The Supreme Court disagreed. By rejecting the automatic invalidity position, the court has forced claimants to pursue far more complex, case-by-case arguments. Compensation may still be possible, the court suggested, but only under specific circumstances. We’re talking demonstrable mistake, fraud, or other unlawful conduct on the operator’s part.
A Setback for Mass Claims
Benzi Loonstein, a lawyer whose firm has spearheaded major claims against gambling operators, acknowledged the ruling as disappointing for affected players. Worth noting: it ends years of legal uncertainty. The financial stakes are enormous. Hundreds of millions of euros in accumulated losses now face a much steeper path to recovery.
The practical impact will ripple through Dutch courtrooms immediately. Numerous cases had been suspended pending guidance from the Supreme Court. Those lawsuits now face a fundamentally altered legal framework, one that places the burden of proof squarely on individual claimants rather than on the automatic invalidity doctrine that had shaped litigation strategy.
A European Divergence
Notably, the Dutch decision marks a departure from what’s happened elsewhere on the continent. Courts in Germany and Austria have taken the opposite view, treating agreements with illegal operators as void from inception.

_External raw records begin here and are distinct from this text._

(* Let $\mathcal{X}=(0,\pi)$ and let $\mu$ be either Lebesgue measure or $\mu_{\alpha,\beta}$ for some $\alpha,\beta>-1$. Fix $0<\xi\le1$. Assume there are constants $s>\xi$ and $c>0$ such that $\mu(B_r)\ge c\,r^s$ for every ball $B_r$ in $\mathcal{X}$ of radius $r<\operatorname{diam}\mathcal{X}$. Then the sublinear operator $f\mapsto U_\xi|f|$ is bounded from $L^1(\mathcal{X},d\mu)$ to weak $L^{s/(s-\xi)}(\mathcal{X},d\mu)$, i.e. $\mu(\{U_\xi|f|>\lambda\})\le\big(C\|f\|_{L^1(\mu)}/\lambda\big)^{s/(s-\xi)}$ for all $\lambda>0$ and $f\in L^1(d\mu)$.
   Context: $d\mu_{\alpha,\beta}(\theta)=(\sin\frac\theta2)^{2\alpha+1}(\cos\frac\theta2)^{2\beta+1}d\theta$ on $(0,\pi)$. Balls in $\mathcal{X}$ are $B(\theta,r)=\{\varphi\in(0,\pi):|\theta-\varphi|<r\}$. For $f\ge0$, $U_\xi f(\theta)=\int_{\mathcal{X}}\frac{|\theta-\varphi|^\xi}{\mu(B(\theta,|\theta-\varphi|))}f(\varphi)\,d\mu(\varphi)$. *)

theory Defs
  imports "HOL-Analysis.Analysis"
begin

definition Xsp :: "real set" where "Xsp = {0<..<pi}"

definition leb_X :: "real measure" where
  "leb_X = restrict_space lborel Xsp"

definition mu_ab :: "real \<Rightarrow> real \<Rightarrow> real measure" where
  "mu_ab a b = density (restrict_space lborel Xsp)
     (\<lambda>\<theta>. ennreal ((sin (\<theta>/2)) powr (2*a+1) * (cos (\<theta>/2)) powr (2*b+1)))"

definition ballX :: "real \<Rightarrow> real \<Rightarrow> real set" where
  "ballX \<theta> r = {\<phi> \<in> Xsp. \<bar>\<theta> - \<phi>\<bar> < r}"

text \<open>The operator U_xi, applied to nonnegative f (value in [0,inf]).\<close>
definition U_op :: "real measure \<Rightarrow> real \<Rightarrow> (real \<Rightarrow> real) \<Rightarrow> real \<Rightarrow> ennreal" where
  "U_op M \<xi> f \<theta> = (\<integral>\<^sup>+ \<phi>. ennreal (\<bar>\<theta> - \<phi>\<bar> powr \<xi> / measure M (ballX \<theta> \<bar>\<theta> - \<phi>\<bar>) * f \<phi>) \<partial>M)"

end

theory Submission
  imports Defs "HOL-Probability.Distribution_Functions"
begin

text \<open>Let \<open>F\<close> be the distribution function of \<open>\<mu>\<close> and \<open>a = 1 - \<xi>/s\<close>. The quantity
  \<open>|F \<theta> - F \<phi>|\<close> is the measure of the open interval between \<open>\<theta>\<close> and \<open>\<phi>\<close>; this interval lies in
  \<open>B(\<theta>, |\<theta> - \<phi>|)\<close> and is itself a ball of radius \<open>|\<theta> - \<phi>|/2\<close>. Together with
  \<open>\<mu>(B\<^sub>r) \<ge> c r\<^sup>s\<close> this bounds the kernel of \<open>U\<^sub>\<xi>\<close> by \<open>c\<^sup>-\<^sup>\<xi>\<^sup>/\<^sup>s |F \<theta> - F \<phi>|\<^sup>-\<^sup>a\<close>.
  As \<open>\<mu>\<close> has no atoms, \<open>F\<close> is continuous, so \<open>{\<theta>. |F \<theta> - y| \<le> v}\<close> has measure at most \<open>2v\<close>,
  and a dyadic decomposition of the values of \<open>|F \<theta> - F \<phi>|\<close> gives
  \<open>\<integral>\<^sub>E |F \<theta> - F \<phi>|\<^sup>-\<^sup>a d\<mu>(\<theta>) \<le> C \<mu>(E)\<^sup>1\<^sup>-\<^sup>a\<close> uniformly in \<open>\<phi>\<close>. Integrating over
  \<open>E = {U\<^sub>\<xi>|f| > t}\<close> and exchanging the integrals yields \<open>t \<mu>(E) \<le> C' \<mu>(E)\<^sup>1\<^sup>-\<^sup>a \<parallel>f\<parallel>\<^sub>1\<close>,
  that is \<open>\<mu>(E) \<le> (C' \<parallel>f\<parallel>\<^sub>1 / t)\<^sup>1\<^sup>/\<^sup>a\<close>.\<close>

lemma dyadic_bracket:
  fixes m u :: real
  assumes "0 < u" "u \<le> m"
  obtains k :: nat where "m / 2 ^ (k + 1) < u" "u \<le> m / 2 ^ k"
proof -
  define j where "j = \<lfloor>log 2 (m / u)\<rfloor>"
  have "0 \<le> log 2 (m / u)" using assms by simp
  then have "0 \<le> j" by (simp add: j_def)
  have "2 powr j \<le> m / u \<and> m / u < 2 powr (j + 1)"
    using assms by (subst floor_log_eq_powr_iff[symmetric]) (auto simp: j_def)
  moreover have "2 powr j = 2 ^ nat j" "2 powr (j + 1) = 2 ^ (nat j + 1)"
    using \<open>0 \<le> j\<close> by (simp_all add: powr_realpow[symmetric] powr_add)
  ultimately have "2 ^ nat j * u \<le> m" "m < 2 ^ (nat j + 1) * u"
    using assms by (simp_all add: field_simps)
  then show ?thesis
    by (intro that[of "nat j"]) (simp_all add: field_simps)
qed

lemma powr_neg_le_dyadic_sum:
  fixes m u a :: real
  assumes m: "0 < m" and u: "0 \<le> u" and a: "0 < a"
  shows "ennreal (u powr - a) \<le>
    ennreal (m powr - a) + (\<Sum>k. ennreal ((m / 2 ^ (k + 1)) powr - a) * indicator {..m / 2 ^ k} u)"
proof (cases "u = 0 \<or> m < u")
  case True
  then have "u powr - a \<le> m powr - a"
    using m u a by (auto intro: powr_mono2')
  then show ?thesis by (intro add_increasing2 ennreal_leI) simp_all
next
  case False
  then obtain k where k: "m / 2 ^ (k + 1) < u" "u \<le> m / 2 ^ k"
    using dyadic_bracket[of u m] u by fastforce
  have "u powr - a \<le> (m / 2 ^ (k + 1)) powr - a"
    using k m a by (intro powr_mono2') auto
  then have "ennreal (u powr - a) \<le> ennreal ((m / 2 ^ (k + 1)) powr - a) * indicator {..m / 2 ^ k} u"
    using k by (simp add: ennreal_leI)
  also have "\<dots> \<le> (\<Sum>k. ennreal ((m / 2 ^ (k + 1)) powr - a) * indicator {..m / 2 ^ k} u)"
    using sum_le_suminf[OF summableI, of "{k}"] by simp
  also have "\<dots> \<le> ennreal (m powr - a) + \<dots>"
    by (rule add_increasing) simp_all
  finally show ?thesis .
qed

lemma dyadic_term_eq:
  fixes m a :: real and k :: nat
  assumes m: "0 < m"
  shows "(m / 2 ^ (k + 1)) powr - a * (m / 2 ^ k) = 2 powr a * m powr (1 - a) * (2 powr (a - 1)) ^ k"
proof -
  have "m / 2 ^ (k + 1) = exp (ln m - real (k + 1) * ln 2)"
    using m by (simp add: exp_diff ln_realpow[symmetric] del: of_nat_Suc)
  moreover have "m / 2 ^ k = exp (ln m - real k * ln 2)"
    using m by (simp add: exp_diff ln_realpow[symmetric])
  moreover have "(2 powr (a - 1)) ^ k = exp (real k * ((a - 1) * ln 2))"
    by (simp add: powr_def exp_of_nat_mult)
  moreover have "m powr (1 - a) = exp ((1 - a) * ln m)" "(2::real) powr a = exp (a * ln 2)"
    using m by (simp_all add: powr_def)
  ultimately show ?thesis
    by (simp only: powr_def exp_not_eq_zero if_False ln_exp exp_add[symmetric]) (simp add: algebra_simps)
qed

definition dyadic_const :: "real \<Rightarrow> real \<Rightarrow> real" where
  "dyadic_const K a = 1 + K * 2 powr a / (1 - 2 powr (a - 1))"

lemma dyadic_const_pos:
  assumes "0 \<le> K" "a < 1"
  shows "0 < dyadic_const K a"
proof -
  have "(2::real) powr (a - 1) < 1"
    using assms by (simp add: powr_less_one)
  then have "0 \<le> K * 2 powr a / (1 - 2 powr (a - 1))"
    using assms by simp
  then show ?thesis
    unfolding dyadic_const_def by linarith
qed

lemma (in finite_measure) dyadic_layer_sum_le:
  fixes g :: "'a \<Rightarrow> real" and m a K :: real
  assumes level: "\<And>v. 0 < v \<Longrightarrow> measure M {x \<in> space M. g x \<le> v} \<le> K * v"
    and m: "0 < m" and a: "a < 1"
  shows "(\<Sum>k. ennreal ((m / 2 ^ (k + 1)) powr - a) * emeasure M {x \<in> space M. g x \<le> m / 2 ^ k})
    \<le> ennreal (K * 2 powr a * m powr (1 - a) / (1 - 2 powr (a - 1)))"
proof -
  define q where "q = (2::real) powr (a - 1)"
  have q: "0 \<le> q" "q < 1"
    using a by (auto simp: q_def intro!: powr_less_one)
  have K: "0 \<le> K"
    using level[of 1] measure_nonneg[of M "{x \<in> space M. g x \<le> 1}"] by linarith
  have layer_bound: "ennreal ((m / 2 ^ (k + 1)) powr - a) * emeasure M {x \<in> space M. g x \<le> m / 2 ^ k}
      \<le> ennreal (K * 2 powr a * m powr (1 - a) * q ^ k)" for k
  proof -
    have "emeasure M {x \<in> space M. g x \<le> m / 2 ^ k} \<le> ennreal (K * (m / 2 ^ k))"
      using level[of "m / 2 ^ k"] m by (simp add: emeasure_eq_measure ennreal_leI)
    then have "ennreal ((m / 2 ^ (k + 1)) powr - a) * emeasure M {x \<in> space M. g x \<le> m / 2 ^ k}
        \<le> ennreal ((m / 2 ^ (k + 1)) powr - a) * ennreal (K * (m / 2 ^ k))"
      by (rule mult_left_mono) simp
    also have "\<dots> = ennreal ((m / 2 ^ (k + 1)) powr - a * (K * (m / 2 ^ k)))"
      using K m by (intro ennreal_mult[symmetric]) auto
    also have "(m / 2 ^ (k + 1)) powr - a * (K * (m / 2 ^ k)) = K * 2 powr a * m powr (1 - a) * q ^ k"
      using arg_cong[OF dyadic_term_eq[OF m, where a=a and k=k], of "(*) K"]
      by (simp add: q_def ac_simps)
    finally show ?thesis .
  qed
  have "(\<lambda>k. K * 2 powr a * m powr (1 - a) * q ^ k) sums (K * 2 powr a * m powr (1 - a) / (1 - q))"
    using sums_mult[OF geometric_sums[of q]] q by (simp add: divide_inverse)
  then have "(\<Sum>k. ennreal (K * 2 powr a * m powr (1 - a) * q ^ k))
      = ennreal (K * 2 powr a * m powr (1 - a) / (1 - q))"
    using K q by (intro suminf_ennreal_eq) auto
  moreover have "(\<Sum>k. ennreal ((m / 2 ^ (k + 1)) powr - a) * emeasure M {x \<in> space M. g x \<le> m / 2 ^ k})
      \<le> (\<Sum>k. ennreal (K * 2 powr a * m powr (1 - a) * q ^ k))"
    by (intro suminf_le layer_bound) auto
  ultimately show ?thesis
    by (simp add: q_def)
qed

lemma (in finite_measure) nn_integral_indicator_powr_neg_le:
  fixes g :: "'a \<Rightarrow> real" and a K :: real
  assumes g[measurable]: "g \<in> borel_measurable M"
    and g_nonneg: "\<And>x. x \<in> space M \<Longrightarrow> 0 \<le> g x"
    and level: "\<And>v. 0 < v \<Longrightarrow> measure M {x \<in> space M. g x \<le> v} \<le> K * v"
    and E: "E \<in> sets M" and a: "0 < a" "a < 1"
  shows "(\<integral>\<^sup>+x. indicator E x * ennreal (g x powr - a) \<partial>M)
    \<le> ennreal (dyadic_const K a * measure M E powr (1 - a))"
proof (cases "measure M E = 0")
  case True
  then have "E \<in> null_sets M"
    using E by (simp add: emeasure_eq_measure null_sets_def)
  then have "(\<integral>\<^sup>+x. ennreal (g x powr - a) * indicator E x \<partial>M) = 0"
    by (rule nn_integral_null_set)
  then show ?thesis by (simp add: mult.commute)
next
  case False
  define m where "m = measure M E"
  define L where "L k = {x \<in> space M. g x \<le> m / 2 ^ k}" for k :: nat
  have m: "0 < m"
    using False measure_nonneg[of M E] unfolding m_def by linarith
  have L[measurable]: "L k \<in> sets M" for k
    unfolding L_def by measurable
  have "(\<integral>\<^sup>+x. indicator E x * ennreal (g x powr - a) \<partial>M)
      \<le> (\<integral>\<^sup>+x. ennreal (m powr - a) * indicator E x
            + (\<Sum>k. ennreal ((m / 2 ^ (k + 1)) powr - a) * indicator (L k) x) \<partial>M)"
  proof (rule nn_integral_mono)
    fix x assume x: "x \<in> space M"
    have "(\<Sum>k. ennreal ((m / 2 ^ (k + 1)) powr - a) * indicator (L k) x)
        = (\<Sum>k. ennreal ((m / 2 ^ (k + 1)) powr - a) * indicator {..m / 2 ^ k} (g x))"
      using x by (simp add: L_def indicator_def)
    then show "indicator E x * ennreal (g x powr - a)
        \<le> ennreal (m powr - a) * indicator E x
          + (\<Sum>k. ennreal ((m / 2 ^ (k + 1)) powr - a) * indicator (L k) x)"
      using powr_neg_le_dyadic_sum[OF m g_nonneg[OF x] a(1)] by (cases "x \<in> E") auto
  qed
  also have "\<dots> = ennreal (m powr - a) * emeasure M E
      + (\<Sum>k. ennreal ((m / 2 ^ (k + 1)) powr - a) * emeasure M (L k))"
    using E by (simp add: nn_integral_add nn_integral_suminf nn_integral_cmult_indicator)
  also have "\<dots> \<le> ennreal (m powr (1 - a)) + ennreal (K * 2 powr a * m powr (1 - a) / (1 - 2 powr (a - 1)))"
  proof (rule add_mono)
    have "m powr - a * m = m powr (1 - a)"
      using m by (simp add: powr_diff powr_minus divide_inverse)
    then show "ennreal (m powr - a) * emeasure M E \<le> ennreal (m powr (1 - a))"
      using m by (simp add: emeasure_eq_measure m_def ennreal_mult[symmetric])
  next
    show "(\<Sum>k. ennreal ((m / 2 ^ (k + 1)) powr - a) * emeasure M (L k))
        \<le> ennreal (K * 2 powr a * m powr (1 - a) / (1 - 2 powr (a - 1)))"
      using dyadic_layer_sum_le[OF level m a(2)] by (simp add: L_def)
  qed
  also have "\<dots> = ennreal (dyadic_const K a * m powr (1 - a))"
  proof -
    have "0 \<le> K"
      using level[of 1] measure_nonneg[of M "{x \<in> space M. g x \<le> 1}"] by linarith
    moreover have "(2::real) powr (a - 1) < 1"
      using a by (simp add: powr_less_one)
    ultimately show ?thesis
      unfolding dyadic_const_def by (simp add: ennreal_plus[symmetric] distrib_right del: ennreal_plus)
  qed
  finally show ?thesis by (simp add: m_def)
qed

context finite_borel_measure
begin

lemma measure_Icc_eq_cdf_diff:
  assumes no_atoms: "\<And>x. measure M {x} = 0" and "x \<le> y"
  shows "measure M {x..y} = cdf M y - cdf M x"
proof (cases "x = y")
  case False
  then have "{x..y} = {x} \<union> {x<..y}" "{x} \<inter> {x<..y} = {}"
    using \<open>x \<le> y\<close> by auto
  then have "measure M {x..y} = measure M {x} + measure M {x<..y}"
    using finite_measure_Union[of "{x}" "{x<..y}"] by (simp add: M_is_borel)
  then show ?thesis
    using cdf_diff_eq[of x y] False \<open>x \<le> y\<close> no_atoms by simp
qed (simp add: no_atoms)

lemma measure_Ioo_eq_cdf_diff:
  assumes no_atoms: "\<And>x. measure M {x} = 0" and "x \<le> y"
  shows "measure M {x<..<y} = cdf M y - cdf M x"
proof -
  have "emeasure M ({x} \<union> {y}) \<le> emeasure M {x} + emeasure M {y}"
    by (rule emeasure_subadditive) auto
  then have "{x, y} \<in> null_sets M"
    using no_atoms by (auto simp: emeasure_eq_measure null_sets_def insert_commute)
  moreover have "{x<..<y} = {x..y} - {x, y}"
    by auto
  ultimately show ?thesis
    using measure_Icc_eq_cdf_diff[OF no_atoms \<open>x \<le> y\<close>]
      measure_Diff_null_set[where A="{x..y}" and B="{x, y}"] by (simp add: M_is_borel)
qed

The Netherlands has chosen a more restrictive approach. One that protects operators in ways their continental counterparts simply are not protected.
For player advocates and their legal representatives, the focus now shifts to identifying whatever alternative arguments might survive the ruling. The courtroom battle, it seems, is far from concluded. But the terrain has shifted significantly in the operators’ favour.